Григорий Борисович Салтуп

Лента Мёбиуса

рассказ

"Кто что ни говори, а подобные истории

еще бывают на свете, - редко, но бывают".

Н.В. Гоголь.

1.

М-м-м... вз-з-з - дуло парабеллума уперлось меж лопаток и холодит душу; избит, искорежен, во всем теле тугая резиновая боль, не шевельнуть ни рукой, ни ногой, - сознание возвращается медленно, пульсирующими толчками; голоса отдаляются, с присвистом железных подковок шаркают тяжелые сапоги по бетонному полу камеры, - отошли, совещаются, но слов не разобрать - чужая отрывистая речь; дуло пистолета свербит, ковыряет позвоночник; властная жестокая рука хватает его за волосы, отрывает голову от холодного пола: "Ты будешь говорить, скотина?!" - "Я - а... не... о... у..." - опухший, прикушенный от боли язык не в состоянии выговаривать членораздельные слова; "Поскорей бы пристрелили, лишь бы не мучаться. Все равно я ничего не скажу!" - эта мысль и с ней надежда на освобождение от боли ярким проблеском пронзает всё его измученное тело; но тот, с парабеллумом, упорствует, - загибает его голову к спине до хруста в позвоночнике, тычет дулом в спину, взводя курок, и остервенело орет: "Не!

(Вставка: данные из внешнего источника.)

lemma token_net_enabled_iff:
  assumes "st_inv (M, U)" "t \<in> trans N"
  shows "(\<forall>p. tn_pre p (trans_code t) \<le> fst (st_embed (M, U)) p) \<longleftrightarrow> (\<forall>s. pre N s t \<le> M s)"
proof
  assume "\<forall>p. tn_pre p (trans_code t) \<le> fst (st_embed (M, U)) p"
  then show "\<forall>s. pre N s t \<le> M s"
    by (metis st_embed_simps(1) tn_pre_simps(1))
next
  assume enabled: "\<forall>s. pre N s t \<le> M s"
  show "\<forall>p. tn_pre p (trans_code t) \<le> fst (st_embed (M, U)) p"
  proof
    fix p
    show "tn_pre p (trans_code t) \<le> fst (st_embed (M, U)) p"
      using enabled enabled_not_at_running_location[OF assms(1) _ assms(2) enabled]
      by (cases p rule: place_code_cases) (auto dest: sym)
  qed
qed

lemma st_embed_start:
  assumes "st_inv (M, U)" "t \<in> trans N" "\<forall>s. pre N s t \<le> M s"
  shows "(\<lambda>p. fst (st_embed (M, U)) p - tn_pre p (trans_code t))
    = fst (st_embed (\<lambda>s. M s - pre N s t, U @ [t]))"
proof
  fix p
  show "fst (st_embed (M, U)) p - tn_pre p (trans_code t)
    = fst (st_embed (\<lambda>s. M s - pre N s t, U @ [t])) p"
    using assms enabled_not_at_running_location[OF assms(1) _ assms(2,3)]
    by (cases p rule: place_code_cases) (auto dest: sym)
qed

lemma st_embed_tau:
  assumes "st_inv (M, U)" "t \<in> trans N" "\<forall>s. pre N s t \<le> M s"
  shows "(\<lambda>p. fst (st_embed (M, U)) p - tn_pre p (trans_code t) + tn_post (trans_code t) p)
    = fst (st_embed (\<lambda>s. M s - pre N s t + post N t s, U))"
proof
  fix p
  show "fst (st_embed (M, U)) p - tn_pre p (trans_code t) + tn_post (trans_code t) p
    = fst (st_embed (\<lambda>s. M s - pre N s t + post N t s, U)) p"
    using assms enabled_not_at_running_location[OF assms(1) _ assms(2,3)]
    by (cases p rule: place_code_cases) (auto dest: sym)
qed

lemma st_embed_end:
  assumes "st_inv (M, U)" "1 \<le> n" "n \<le> length U"
  shows "(\<lambda>p. fst (st_embed (M, U)) p + tn_post (trans_code (U ! (n - 1))) p)
    = fst (st_embed (\<lambda>s. M s + post N (U ! (n - 1)) s, take (n - 1) U @ drop n U))"
proof
  fix p
  have "distinct (map (\<lambda>u. D (Inr u)) U)" and running: "\<forall>u\<in>set U. u \<in> trans N"
    using assms(1) by auto
  note remove = distinct_map_remove_nth[OF this(1) assms(2,3)]
  have "U ! (n - 1) \<in> set U"
    using assms(2,3) by simp
  then show "fst (st_embed (M, U)) p + tn_post (trans_code (U ! (n - 1))) p
    = fst (st_embed (\<lambda>s. M s + post N (U ! (n - 1)) s, take (n - 1) U @ drop n U)) p"
    using remove(2) running by (cases p rule: place_code_cases) (auto simp: remove(1))
qed

lemma st_inv_step:
  assumes inv: "st_inv (M, U)" and step: "st_step N (M, U) \<alpha> (M', U')"
  shows "st_inv (M', U')"
proof (cases \<alpha>)
  case (StartA a)
  then obtain t where t: "t \<in> trans N" "lab N t = Some a" "\<forall>s. pre N s t \<le> M s"
    and M': "M' = (\<lambda>s. M s - pre N s t)" and U': "U' = U @ [t]"
    using step by (auto simp: st_step_def)
  have "(\<lambda>s. M' s + pending_pre U' s) = (\<lambda>s. M s + pending_pre U s)"
    using t(3) by (auto simp: M' U' fun_eq_iff)
  moreover have "\<forall>u\<in>set U. D (Inr u) \<noteq> D (Inr t)"
    using enabled_not_at_running_location[OF inv _ t(1,3)] by blast
  ultimately show ?thesis
    using inv t(1,2) by (auto simp: U')
next
  case (EndA a n)
  then have n: "1 \<le> n" "n \<le> length U"
    and M': "M' = (\<lambda>s. M s + post N (U ! (n - 1)) s)" and U': "U' = take (n - 1) U @ drop n U"
    using step by (auto simp: st_step_def)
  define u where "u = U ! (n - 1)"
  have reach: "reachable N (\<lambda>s. M s + pending_pre U s)"
    and running: "\<forall>u\<in>set U. u \<in> trans N \<and> lab N u \<noteq> None"
    and dist: "distinct (map (\<lambda>u. D (Inr u)) U)"
    using inv by auto
  note remove = distinct_map_remove_nth[OF dist n]
  have U: "U = take (n - 1) U @ u # drop n U"
    using id_take_nth_drop[of "n - 1" U] n by (simp add: u_def)
  have pending: "pending_pre U s = pending_pre U' s + pre N s u" for s
    by (subst U) (simp add: U')
  have "u \<in> set U"
    using n by (simp add: u_def)
  then have "fire_ms N (\<lambda>s. M s + pending_pre U s) {#u#} (\<lambda>s. M' s + pending_pre U' s)"
    using running by (auto simp: fire_ms_single pending M' u_def fun_eq_iff)
  then have "reachable N (\<lambda>s. M' s + pending_pre U' s)"
    by (rule reach_step[OF reach])
  then show ?thesis
    using running remove(1,3) by (auto simp: U')
next
  case TauA
  then obtain t where t: "t \<in> trans N" "\<forall>s. pre N s t \<le> M s"
    and M': "M' = (\<lambda>s. M s - pre N s t + post N t s)" and U': "U' = U"
    using step by (auto simp: st_step_def fire_ms_single)
  have "M s - pre N s t + post N t s + pending_pre U s
      = M s + pending_pre U s - pre N s t + post N t s" for s
    using spec[OF t(2), of s] by simp
  then have "fire_ms N (\<lambda>s. M s + pending_pre U s) {#t#} (\<lambda>s. M' s + pending_pre U' s)"
    using t by (auto simp: fire_ms_single M' U' intro: trans_le_add1)
  then have "reachable N (\<lambda>s. M' s + pending_pre U' s)"
    using inv by (auto intro: reach_step)
  then show ?thesis
    using inv by (simp add: U')
qed

lemma token_net_step_iff:
  assumes inv: "st_inv (M, U)"
  shows "st_step token_net (st_embed (M, U)) \<alpha> x' \<longleftrightarrow>
    (\<exists>y'. st_step N (M, U) \<alpha> y' \<and> x' = st_embed y')"
proof (cases \<alpha>)
  case (StartA a)
  have "st_step token_net (st_embed (M, U)) \<alpha> x' \<longleftrightarrow>
      (\<exists>t\<in>trans N. lab N t = Some a \<and> (\<forall>s. pre N s t \<le> M s) \<and>
         x' = st_embed (\<lambda>s. M s - pre N s t, U @ [t]))"
    using StartA token_net_enabled_iff[OF inv] st_embed_start[OF inv]
    by (auto simp: st_step_def prod_eq_iff)
  then show ?thesis
    using StartA by (auto simp: st_step_def)
next
  case (EndA a n)
  have "st_step token_net (st_embed (M, U)) \<alpha> x' \<longleftrightarrow>
      1 \<le> n \<and> n \<le> length U \<and> lab N (U ! (n - 1)) = Some a \<and>
      x' = st_embed (\<lambda>s. M s + post N (U ! (n - 1)) s, take (n - 1) U @ drop n U)"
    using EndA st_embed_end[OF inv]
    by (auto simp: st_step_def prod_eq_iff take_map drop_map)
  then show ?thesis
    using EndA by (auto simp: st_step_def)
next
  case TauA
  have "st_step token_net (st_embed (M, U)) \<alpha> x' \<longleftrightarrow>
      (\<exists>t\<in>trans N. lab N t = None \<and> (\<forall>s. pre N s t \<le> M s) \<and>
         x' = st_embed (\<lambda>s. M s - pre N s t + post N t s, U))"
    using TauA token_net_enabled_iff[OF inv] st_embed_tau[OF inv]
    by (auto simp: st_step_def prod_eq_iff fire_ms_single)
  then show ?thesis
    using TauA by (auto simp: st_step_def fire_ms_single)
qed

lemma st_embed_init: "st_embed (init N, []) = (init token_net, [])"
proof -
  have "fst (st_embed (init N, [])) p = tn_init p" for p
    by (cases p rule: place_code_cases) auto
  then show ?thesis
    by (simp add: prod_eq_iff fun_eq_iff)
qed

lemma bSTb_div_token_net: "bSTb_div token_net N"
proof -
  define B where "B x y \<longleftrightarrow> st_inv y \<and> x = st_embed y" for x y
  have "bi_unique B"
    using inj_st_embed by (auto simp: bi_unique_def B_def dest: injD)
  moreover have "B (init token_net, []) (init N, [])"
    by (simp add: B_def st_embed_init reach_init)
  moreover have "strong_simulation (st_step token_net) (st_step N) B"
    unfolding strong_simulation_def B_def
  proof (intro allI impI)
    fix x y \<alpha> x'
    assume "(st_inv y \<and> x = st_embed y) \<and> st_step token_net x \<alpha> x'"
    then show "\<exists>y'. st_step N y \<alpha> y' \<and> st_inv y' \<and> x' = st_embed y'"
      using token_net_step_iff st_inv_step by (metis surj_pair)
  qed
  moreover have "strong_simulation (st_step N) (st_step token_net) B\<inverse>\<inverse>"
    unfolding strong_simulation_def conversep_iff B_def
  proof (intro allI impI)
    fix y x \<alpha> y'
    assume "(st_inv y \<and> x = st_embed y) \<and> st_step N y \<alpha> y'"
    then show "\<exists>x'. st_step token_net x \<alpha> x' \<and> st_inv y' \<and> x' = st_embed y'"
      using token_net_step_iff st_inv_step by (metis surj_pair)
  qed
  ultimately show ?thesis
    unfolding bSTb_div_def by (blast intro: bi_unique_strong_bisimulation_bb_div)
qed

section \<open>Decomposition into sequential components\<close>

definition local_places :: "'s + 't \<Rightarrow> ('s + 't + nat) list set" where
  "local_places L = place_code ` {s \<in> places N. D (Inl s) = L}"

definition export_places :: "'s + 't \<Rightarrow> ('s + 't + nat) list set" where
  "export_places L = place_code `
     {s \<in> places N. D (Inl s) \<noteq> L \<and> (\<exists>t\<in>trans N. D (Inr t) = L \<and> post N t s \<noteq> 0)}"

definition local_trans :: "'s + 't \<Rightarrow> ('s + 't + nat) list set" where
  "local_trans L = trans_code ` {t \<in> trans N. D (Inr t) = L}"

definition location_net ::
  "'s + 't \<Rightarrow> (('s + 't + nat) list, ('s + 't + nat) list, 'a) pnet" where
  "location_net L = \<lparr>places = insert (token L) (local_places L \<union> export_places L),
     trans = local_trans L,
     pre = (\<lambda>p x. if x \<in> local_trans L then tn_pre p x else 0),
     post = (\<lambda>x p. if x \<in> local_trans L then tn_post x p else 0),
     init = (\<lambda>p. if p = token L \<or> p \<in> local_places L then tn_init p else 0),
     lab = tn_lab\<rparr>"

definition location_component ::
  "'s + 't \<Rightarrow> (('s + 't + nat) list, ('s + 't + nat) list, 'a) comp" where
  "location_component L = (location_net L, local_places L, export_places L)"

lemma location_net_simps [simp]:
  "places (location_net L) = insert (token L) (local_places L \<union> export_places L)"
  "trans (location_net L) = local_trans L"
  "pre (location_net L) p x = (if x \<in> local_trans L then tn_pre p x else 0)"
  "post (location_net L) x p = (if x \<in> local_trans L then tn_post x p else 0)"
  "init (location_net L) p = (if p = token L \<or> p \<in> local_places L then tn_init p else 0)"
  "lab (location_net L) = tn_lab"
  by (simp_all add: location_net_def)

lemma token_notin_codes [simp]:
  "token L \<notin> local_places L'" "token L \<notin> export_places L'"
  by (auto simp: local_places_def export_places_def local_trans_def)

- Ты будешь говорить, скотина! Ты все скажешь! И не надейся на легкую смерть! Отвечай мне: почему ты опять напился с Кронидом Собакиным?! Кто был третьим?! О чем вы договаривались?!"

- Костя... Костя-заинька - третий... Хотели еще пузырь взять... Взяли или нет, - не помню... Убейте, - но не помню...

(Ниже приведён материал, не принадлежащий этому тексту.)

lemma invertible_mat_if_inj_transpose:
  fixes M :: "'a :: field mat"
  assumes M: "M \<in> carrier_mat m m" and inj: "inj_on ((*\<^sub>v) (transpose_mat M)) (carrier_vec m)"
  shows "invertible_mat M"
proof -
  have "det (transpose_mat M) \<noteq> 0"
  proof
    assume "det (transpose_mat M) = 0"
    then obtain v where v: "v \<in> carrier_vec m" "v \<noteq> 0\<^sub>v m" "transpose_mat M *\<^sub>v v = 0\<^sub>v m"
      using det_0_iff_vec_prod_zero_field[of "transpose_mat M" m] M by auto
    have "transpose_mat M *\<^sub>v v = transpose_mat M *\<^sub>v 0\<^sub>v m"
      using M v by (auto intro!: eq_vecI)
    then have "v = 0\<^sub>v m" using v(1) by (rule inj_onD[OF inj]) simp
    with v show False by simp
  qed
  then have "det M \<noteq> 0" using det_transpose[OF M] by simp
  from det_non_zero_imp_unit[OF M this, of "()"]
  obtain M' where "M' \<in> carrier_mat m m" "M * M' = 1\<^sub>m m" "M' * M = 1\<^sub>m m"
    unfolding Units_def ring_mat_def by auto
  then show ?thesis using M unfolding invertible_mat_def inverts_mat_def by auto
qed

lemma (in vec_space) rank_mult_le:
  assumes P: "P \<in> carrier_mat n nc" and Q: "Q \<in> carrier_mat nc k"
  shows "rank (P * Q) \<le> rank P"
proof -
  define S where "S = set (cols P)"
  have Sc: "S \<subseteq> carrier_vec n" unfolding S_def using P cols_dim by blast
  have PQ: "P * Q \<in> carrier_mat n k" using P Q by auto
  have sub: "set (cols (P*Q)) \<subseteq> span S"
  proof
    fix v assume "v \<in> set (cols (P*Q))"
    then obtain j where j: "j < dim_col (P*Q)" "v = col (P*Q) j" by (metis cols_length cols_nth in_set_conv_nth)
    then have "v = P *\<^sub>v col Q j" using col_mult2[OF P Q, of j] Q by simp
    moreover have "col Q j \<in> carrier_vec (dim_col P)" using P Q j by auto
    ultimately have "v \<in> col_space P" using P unfolding col_space_eq[OF P] by auto
    then show "v \<in> span S" unfolding col_space_def S_def .
  qed
  have vs: "vectorspace class_ring (vs (span S))" using span_is_subspace[THEN subspace_is_vs, OF Sc] by auto
  have sm: "submodule class_ring (span S) V" using Sc by (simp add: span_is_submodule)
  have "VectorSpace.subspace class_ring (span (set (cols (P*Q)))) (vs (span S))"
    using vectorspace.span_is_subspace[OF vs, of "set (cols (P*Q))", unfolded
      span_li_not_depend(1)[OF sub sm]] sub by auto
  moreover have fin_dim: "vectorspace.fin_dim class_ring (vs (span S))"
       "vectorspace.fin_dim class_ring (vs (span S)\<lparr>carrier := span (set (cols (P*Q)))\<rparr>)"
    using fin_dim_span_cols P PQ unfolding S_def by auto
  ultimately show ?thesis unfolding rank_def S_def
    using vectorspace.subspace_dim[OF vs[unfolded S_def]] fin_dim unfolding S_def by auto
qed

lemma (in vec_space) rank_less_if_nonzero_kernel:
  assumes P: "P \<in> carrier_mat n nc" and v: "v \<in> carrier_vec nc" "v \<noteq> 0\<^sub>v nc" "P *\<^sub>v v = 0\<^sub>v n"
  shows "rank P < nc"
proof (rule ccontr)
  assume "\<not> rank P < nc"
  then have r: "rank P = nc" using rank_le_nc[OF P] by auto
  show False
  proof (cases "distinct (cols P)")
    case True
    then show False using full_rank_lin_indpt[OF P r True] lin_depI[OF P v True] by blast
  next
    case False
    obtain S where S: "maximal S (\<lambda>T. T \<subseteq> set (cols P) \<and> lin_indpt T)"
      using maximal_exists[of "(\<lambda>T. T \<subseteq> set (cols P) \<and> lin_indpt T)" "card (set (cols P))" "{}"]
      by (meson List.finite_set card_mono empty_iff empty_subsetI finite_lin_indpt2 rev_finite_subset)
    then have "card S \<le> card (set (cols P))" by (simp add: card_mono maximal_def)
    moreover have "card (set (cols P)) < length (cols P)"
      using False card_distinct card_length le_neq_implies_less by blast
    ultimately have "card S < nc" using P by auto
    then show False using rank_card_indpt[OF P S] r by simp
  qed
qed

lemma (in vec_space) inj_on_mult_mat_vec_if_rank_mult:
  assumes P: "P \<in> carrier_mat n m" and Q: "Q \<in> carrier_mat m k" and rank: "rank (P * Q) = m"
  shows "inj_on ((*\<^sub>v) P) (carrier_vec m)"
proof (rule inj_onI, rule ccontr)
  fix v w assume v: "v \<in> carrier_vec m" and w: "w \<in> carrier_vec m"
    and eq: "P *\<^sub>v v = P *\<^sub>v w" and ne: "v \<noteq> w"
  have "v - w \<in> carrier_vec m" using v w by simp
  moreover have "v - w \<noteq> 0\<^sub>v m"
    using v w ne by (metis comm_add_vec minus_add_minus_vec minus_cancel_vec uminus_eq_vec zero_minus_vec)
  moreover have "P *\<^sub>v (v - w) = 0\<^sub>v n"
    using mult_minus_distrib_mat_vec[OF P v w] eq P w by simp
  ultimately have "rank P < m" by (rule rank_less_if_nonzero_kernel[OF P])
  with rank_mult_le[OF P Q] rank show False by simp
qed

text \<open>\<open>C\<close>, \<open>L\<close>, \<open>A\<close>, \<open>B\<close> abstract the Choi matrix and \<open>hat(Ls)\<close>, \<open>hat(A)\<close>,
  \<open>hat(B)\<close>; injectivity of \<open>L\<^sup>*\<close> is linear independence of the rows of \<open>L\<close>.\<close>

locale choi_factorization =
  fixes C :: "'a :: conjugatable_field mat" and N m :: nat and L A B :: "'a mat"
  assumes C_carrier: "C \<in> carrier_mat N N"
    and L_carrier: "L \<in> carrier_mat m N"
    and A_carrier: "A \<in> carrier_mat m N"
    and B_carrier: "B \<in> carrier_mat m N"
    and C_hermitian: "mat_adjoint C = C"
    and C_factor: "C = mat_adjoint L * A"
    and L_expansion: "L = B * C"
    and L_independent: "inj_on ((*\<^sub>v) (mat_adjoint L)) (carrier_vec m)"
begin

abbreviation H :: "'a mat" where "H \<equiv> B * mat_adjoint L"

lemma dims [simp]:
  "dim_row C = N" "dim_col C = N" "dim_row L = m" "dim_col L = N"
  "dim_row A = m" "dim_col A = N" "dim_row B = m" "dim_col B = N"
  using C_carrier L_carrier A_carrier B_carrier by auto

lemma adjoint_carriers:
  "mat_adjoint L \<in> carrier_mat N m" "mat_adjoint A \<in> carrier_mat N m" "mat_adjoint B \<in> carrier_mat N m"
  using L_carrier A_carrier B_carrier by simp_all

lemma C_factor_adjoint: "C = mat_adjoint A * L"
proof -
  have "mat_adjoint C = mat_adjoint A * L"
    unfolding C_factor by (simp add: mat_adjoint_mult)
  then show ?thesis by (simp add: C_hermitian)
qed

lemma L_adjoint: "mat_adjoint L = C * mat_adjoint B"
proof -
  have "mat_adjoint L = mat_adjoint C * mat_adjoint B"
    by (subst L_expansion) (simp add: mat_adjoint_mult)
  then show ?thesis by (simp add: C_hermitian)
qed

lemma cancel_L:
  assumes "X \<in> carrier_mat k m" "Y \<in> carrier_mat k m" "X * L = Y * L"
  shows "X = Y"
  by (rule mult_adjoint_cancel_right[OF L_carrier assms(1,2) L_independent assms(3)])

lemma B_mult_adjoint_A: "B * mat_adjoint A = 1\<^sub>m m"
proof (rule cancel_L[where k = m])
  have "B * mat_adjoint A * L = B * C"
    by (simp add: mult_mat_assoc C_factor_adjoint)
  also have "\<dots> = 1\<^sub>m m * L"
    using L_carrier by (simp add: L_expansion[symmetric])
  finally show "B * mat_adjoint A * L = 1\<^sub>m m * L" .
qed (use B_carrier adjoint_carriers in simp_all)

lemma A_independent: "inj_on ((*\<^sub>v) (mat_adjoint A)) (carrier_vec m)"
  by (rule inj_on_mult_mat_vec_left_inverse[OF B_carrier adjoint_carriers(2) B_mult_adjoint_A])

lemma mat_kernel_A: "mat_kernel A = mat_kernel C"
  unfolding C_factor
  by (rule mat_kernel_mult_inj[symmetric, OF adjoint_carriers(1) A_carrier L_independent])

lemma mat_kernel_L: "mat_kernel L = mat_kernel C"
  unfolding C_factor_adjoint
  by (rule mat_kernel_mult_inj[symmetric, OF adjoint_carriers(2) L_carrier A_independent])

lemma H_eq_congruence: "H = B * C * mat_adjoint B"
  by (simp add: L_adjoint mult_mat_assoc)

lemma H_hermitian: "mat_adjoint H = H"
  by (simp add: H_eq_congruence mat_adjoint_mult mult_mat_assoc C_hermitian)

lemma L_eq_H_mult_A: "L = H * A"
  by (simp add: mult_mat_assoc C_factor[symmetric] L_expansion[symmetric])

lemma adjoint_A_mult_H: "mat_adjoint A * H = mat_adjoint L"
proof -
  have "mat_adjoint L = mat_adjoint A * mat_adjoint H"
    by (subst L_eq_H_mult_A) (simp add: mat_adjoint_mult)
  then show ?thesis by (simp add: H_hermitian)
qed

end

text \<open>\<open>f.H\<close>, \<open>g.H\<close>, \<open>Phi\<close>, \<open>Xi\<close> and \<open>Phi_inv\<close> are the entrywise conjugates of
  \<open>H\<close>, \<open>H'\<close>, \<open>\<Phi>\<close>, \<open>\<Xi>\<close> and \<open>\<Phi>\<^sup>-\<^sup>1\<close> in the theorem (lemma \<open>gram_form_conj\<close>).\<close>

locale two_choi_factorizations =
  f: choi_factorization C N m L A B + g: choi_factorization C N m L' A' B'
  for C :: "'a :: conjugatable_field mat" and N m L A B L' A' B'
begin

Он с трудом размежил веки, огляделся - о, ужас!

Нет больше камеры гестапо, и вообще никого нет!

Лестничная площадка, в углу ведро для пищевых отходов сладковато воняет тухлятиной и аммиачно - мочой, а он уже не на полу, не лежит избитый, а скорчился в неудобной позе на широком подоконнике, и в позвоночник ему упирается не дуло пистолета - шпингалет,- обыкновенный рычажок шпингалета от оконной рамы!

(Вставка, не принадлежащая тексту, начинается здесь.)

lemma galerkin_energy_le_hdot_norm:
  assumes "s0 \<ge> 0" and "in_Hdot s0 v0"
  shows "galerkin_energy m v0 \<le> (hdot_norm 0 v0)\<^sup>2"
proof -
  have weight: "(cmod (v0 k))\<^sup>2 \<le> \<bar>real_of_int k\<bar> powr (2 * s0) * (cmod (v0 k))\<^sup>2" if "k \<in> Z0" for k
  proof -
    have "1 \<le> \<bar>real_of_int k\<bar> powr (2 * s0)"
      using that assms(1) by (auto simp: Z0_def intro: ge_one_powr_ge_zero)
    then show ?thesis
      using mult_right_mono[of 1 _ "(cmod (v0 k))\<^sup>2"] by simp
  qed
  have summable: "(\<lambda>k. (cmod (v0 k))\<^sup>2) summable_on Z0"
    by (rule summable_on_comparison_test[OF _ weight]) (use assms(2) in \<open>auto simp: in_Hdot_def\<close>)
  have "galerkin_energy m v0 = infsum (\<lambda>k. (cmod (v0 k))\<^sup>2) (modes m)"
    by (simp add: galerkin_energy_def finite_modes)
  also have "\<dots> \<le> infsum (\<lambda>k. (cmod (v0 k))\<^sup>2) Z0"
    by (rule infsum_mono_neutral[OF summable_on_finite[OF finite_modes] summable])
       (auto simp: modes_def)
  also have "\<dots> = hdot_norm_sq 0 v0"
    unfolding hdot_norm_sq_def by (rule infsum_cong) (simp add: Z0_def)
  also have "\<dots> = (hdot_norm 0 v0)\<^sup>2"
    using calculation galerkin_energy_nonneg[of m v0] by (simp add: hdot_norm_def)
  finally show ?thesis .
qed

lemma time_deriv_galerkin_solution:
  assumes "galerkin_solution m T s0 v0 v" and "T > 0" and "t \<in> {0..T}" and "k \<in> Z0"
  shows "time_deriv T v t k = galerkin_rhs m t (v t) k"
  using assms unfolding time_deriv_def galerkin_solution_def
  by (blast intro: vector_derivative_within_closed_interval)

lemma in_Hdot_cong:
  assumes "\<And>k. k \<in> Z0 \<Longrightarrow> u k = w k"
  shows "in_Hdot s u \<longleftrightarrow> in_Hdot s w"
proof -
  have "\<And>k. k \<in> Z0 \<Longrightarrow> -k \<in> Z0"
    by (simp add: Z0_def)
  then show ?thesis
    using assms summable_on_cong[of Z0 "\<lambda>k. \<bar>real_of_int k\<bar> powr (2 * s) * (cmod (u k))\<^sup>2"
        "\<lambda>k. \<bar>real_of_int k\<bar> powr (2 * s) * (cmod (w k))\<^sup>2"]
    unfolding in_Hdot_def by auto
qed

lemma hdot_norm_cong: "(\<And>k. k \<in> Z0 \<Longrightarrow> u k = w k) \<Longrightarrow> hdot_norm s u = hdot_norm s w"
  unfolding hdot_norm_def hdot_norm_sq_def by (simp cong: infsum_cong)

theorem proposition4p5:
  fixes S :: real
  assumes "S > 3/2"
  shows "\<exists>C::real. \<forall>(T::real) (s0::real) (m::nat) v0 v.
           T > 0 \<longrightarrow> s0 \<ge> 0 \<longrightarrow> in_Hdot s0 v0 \<longrightarrow> galerkin_solution m T s0 v0 v \<longrightarrow>
           (\<forall>t\<in>{0..T}. in_Hdot (-S) (time_deriv T v t) \<and>
              hdot_norm (-S) (time_deriv T v t) \<le> C * (hdot_norm 0 v0)\<^sup>2)"
proof (intro exI allI impI ballI)
  let ?C = "sqrt (2 * (\<Sum>n. real n powr (2 - 2 * S))) / 2"
  fix T s0 :: real and m :: nat and v0 v t
  assume T: "T > 0" and s0: "s0 \<ge> 0" and v0: "in_Hdot s0 v0"
    and sol: "galerkin_solution m T s0 v0 v" and t: "t \<in> {0..T}"
  have real: "\<forall>k\<in>Z0. v t (-k) = cnj (v t k)"
    using sol t by (auto simp: galerkin_solution_def in_Hdot_def)
  have deriv: "\<And>k. k \<in> Z0 \<Longrightarrow> time_deriv T v t k = galerkin_rhs m t (v t) k"
    using time_deriv_galerkin_solution[OF sol T t] .
  have series_nonneg: "0 \<le> (\<Sum>n. real n powr (2 - 2 * S))"
    using assms by (intro suminf_nonneg) (auto simp: summable_real_powr_iff)
  have "hdot_norm (-S) (galerkin_rhs m t (v t)) \<le> ?C * galerkin_energy m (v t)"
    by (rule hdot_norm_galerkin_rhs_le[OF assms])
  also have "\<dots> \<le> ?C * (hdot_norm 0 v0)\<^sup>2"
    using galerkin_energy_conservation[OF sol t] galerkin_energy_le_hdot_norm[OF s0 v0] series_nonneg
    by (intro mult_left_mono) auto
  finally have "hdot_norm (-S) (galerkin_rhs m t (v t)) \<le> ?C * (hdot_norm 0 v0)\<^sup>2" .
  then show "in_Hdot (-S) (time_deriv T v t) \<and> hdot_norm (-S) (time_deriv T v t) \<le> ?C * (hdot_norm 0 v0)\<^sup>2"
    using in_Hdot_galerkin_rhs[OF real] in_Hdot_cong[OF deriv] hdot_norm_cong[OF deriv] by simp
qed

end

О, ужас! Значит, пытки ему лишь причудились, но голова-то трещит, тяжелая, и тело все болит, как после побоев, - не шевельнуть ни рукой, ни ногой...

"Кронид Собакин... гестаповец с парабеллумом... Костя-заинька с фуфырем и складной удочкой... Кто же из них был?"

Действительность и кошмарные видения еще клубились в сознании клочками серого тумана; превозмогая щипки боли в отсиделых конечностях, он оторвал свое тело от подоконника (дуло парабеллума исчезло вместе со шпингалетом), шагнул два раза и сел на заплеванный кафельный пол, - подкосились, не выдержали ноги.

"Да, конечно, откуда здесь могут быть гестаповцы? - тридцать с чем-то лет Победы весной отмечали, и меня опять тогда заманили на Васильевский..." - Борька попытался встать с ледяного пола, - не получилось, еще раз попытался, - и опять не вышло, ноги не сгибались; в третий раз он уцепился за чугунную решетку перил и встал-таки на ноги, противный самому себе.

"Борька-Борька, да как же ты дошел до такого состояния?"

Борис Васильевич брезгливо поежился и тут, наконец, почувствовал страшный холод. Затрясло ознобной дрожью. Потрогал батарею - еле теплая, только что вода в трубах не замерзает; обшарил свои карманы - спичек нет, сигареты есть, четыре штуки в измятой пачке, а спичек нет. Очки, слава богу, целы.

И десять, да еще три - тринадцать, да в левом кармане пять восемнадцать копеек в наличии. Не густо... А было? Радужная была, четвертной. "Э-как меня раскрутили", - почти без огорчения подумал Борис Васильевич.

Надо было закурить - продуть струёй никотина слипшиеся мозги и поковыряться во вчерашнем дне: не натворил ли он чего уголовного? Ну, там, по морде кого-либо съездил, или стол в мороженице перевернул... Всякое могло случиться: четвертная все же не десять рублей.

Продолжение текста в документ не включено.